30 juin 2022 - durant la nuitElle est là, se tenant immobile à contempler la toile qui la domine. Une lumière vacille dans un coin. Ou bien peut-être est-ce une nouvelle fois ces visions qui l'assaillent... Comme ces images qui se succèdent à une vitesse inintelligible. Des souvenirs ? Un passé qui ressurgit ? Ou bien des produits d'un délire causé par une injection qu'elle n'aurait peut-être pas dû accepter...
Elle se sent fiévreuse... et pourtant enivrée.
Elle a déjà créé d'innombrables toiles, mais jamais rien... de tel. Pourquoi ne pas l'avoir fait avant ? Cela semble si évident après coup. Ses amis qui l'ont quittée, les critiques qui ne croyaient pas en
elle, les commanditaires et autres mécènes... Bientôt, ils verront, tous.

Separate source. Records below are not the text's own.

lemma finite_mat_eigenvalues:
  assumes "finite V"
  shows "finite {c::real. mat_eigenvalue V M c}"
proof -
  obtain f where f: "bij_betw f {0..<card V} V"
    using ex_bij_betw_nat_finite[OF assms] by blast
  define N where "N = card V"
  define A :: "real mat" where "A = mat N N (\<lambda>(i, j). M (f i) (f j))"
  have A: "A \<in> carrier_mat N N" unfolding A_def by simp
  have "{c. mat_eigenvalue V M c} \<subseteq> {c. poly (char_poly A) c = 0}"
  proof
    fix c assume "c \<in> {c. mat_eigenvalue V M c}"
    then obtain x where x0: "\<exists>v\<in>V. x v \<noteq> 0" and ev: "\<forall>u\<in>V. (\<Sum>w\<in>V. M u w * x w) = c * x u"
      unfolding mat_eigenvalue_def by blast
    define v where "v = vec N (\<lambda>i. x (f i))"
    have "v \<noteq> 0\<^sub>v N"
    proof
      assume "v = 0\<^sub>v N"
      from x0 obtain u where u: "u \<in> V" "x u \<noteq> 0" by blast
      then obtain i where "i < N" "f i = u" using f unfolding N_def bij_betw_def by force
      with \<open>v = 0\<^sub>v N\<close> u show False unfolding v_def by (metis index_vec index_zero_vec(1))
    qed
    moreover have "A *\<^sub>v v = c \<cdot>\<^sub>v v"
    proof (rule eq_vecI)
      fix i assume "i < dim_vec (c \<cdot>\<^sub>v v)"
      then have i: "i < N" unfolding v_def by simp
      have "(A *\<^sub>v v) $ i = (\<Sum>j\<in>{0..<N}. M (f i) (f j) * x (f j))"
        using i unfolding A_def v_def by (simp add: mult_mat_vec_def scalar_prod_def)
      also have "\<dots> = (\<Sum>w\<in>V. M (f i) w * x w)"
        using sum.reindex_bij_betw[OF f, of "\<lambda>w. M (f i) w * x w"] unfolding N_def by simp
      also have "\<dots> = c * x (f i)"
        using ev f i unfolding N_def bij_betw_def by auto
      finally show "(A *\<^sub>v v) $ i = (c \<cdot>\<^sub>v v) $ i" using i unfolding v_def by simp
    qed (simp add: A_def v_def)
    moreover have "v \<in> carrier_vec N" unfolding v_def by simp
    ultimately have "eigenvalue A c"
      unfolding eigenvalue_def eigenvector_def using A by blast
    then show "c \<in> {c. poly (char_poly A) c = 0}"
      using eigenvalue_root_char_poly[OF A] by simp
  qed
  moreover have "char_poly A \<noteq> 0" using degree_monic_char_poly[OF A] by auto
  ultimately show ?thesis using poly_roots_finite finite_subset by blast
qed

lemma laplacian_mult_eq:
  assumes "finite V" "simple_graph_on V E" "u \<in> V"
  shows "(\<Sum>w\<in>V. laplacian V E u w * x w) =
     real (card V) * x u - (\<Sum>w\<in>V. x w) + (\<Sum>w\<in>{w\<in>V. compl_adj E u w}. x w - x u)"
proof -
  define N where "N = {w\<in>V. E u w}"
  define C where "C = {w\<in>V. compl_adj E u w}"
  have V: "V = insert u (N \<union> C)" and disj: "u \<notin> N \<union> C" "N \<inter> C = {}"
    using assms(2,3) unfolding N_def C_def simple_graph_on_def compl_adj_def by auto
  have fin: "finite N" "finite C" using assms(1) unfolding N_def C_def by auto
  have "(\<Sum>w\<in>V. laplacian V E u w * x w) =
      (\<Sum>w\<in>V. (if u = w then real (card N) * x w else 0) - (if E u w then x w else 0))"
    unfolding laplacian_def N_def by (intro sum.cong) (auto simp: algebra_simps)
  also have "\<dots> = real (card N) * x u - (\<Sum>w\<in>N. x w)"
    using assms(1,3) by (simp add: sum_subtractf N_def sum.If_cases Int_def)
  also have "\<dots> = real (card V) * x u - (\<Sum>w\<in>V. x w) + (\<Sum>w\<in>C. x w - x u)"
    using V disj fin by (simp add: card_Un_disjoint sum.union_disjoint sum_subtractf algebra_simps)
  finally show ?thesis unfolding C_def .
qed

Mais, il manque encore quelque chose…
Sa main s'approche de la toile d'où suinte encore cette encre carmin qui vient s'échouer parterre, et sur le bout de ses souliers.
Je comprends ce que tu dois ressentir. Perdue. Seule. Sans espoir. Tu le mérites probablement. Mais même pour toi, il y a encore un moyen. Un moyen de tout récupérer. La seule chose importante que tu aies désirée. Achève-la. Tout comme il avait tué la peintre en toi, tu tuerais l'œuvre qui te retenait prisonnière et tout ce qu'elle signifiait. Tu tuerais le passé. Et une fois ce passé mort, toi-même serais libre. Tu tuerais cette monstrueuse âme vivante et ainsi, délivrée de ses horribles reproches, tu serais en paix. Tu saisis l'objet et y plantas le couteau...
Elle relève la tête, surprise une nouvelle fois par cette succession de pensées, de voix et d'images. Son regard est de nouveau happé par son œuvre qu'elle en ignore la puanteur qui ne tardera pas à ronger la toile.
Une couche de vernis devrait suffire. C'est presque fini.
Elle le sent.
Sa création.
Son Grand œuvre.
"Et tout cela grâce à toi..." murmure-t-elle, en effleurant le visage encore humide du portrait...
Tout portrait qu'on peint avec âme est un portrait, non du modèle, mais de l'artiste.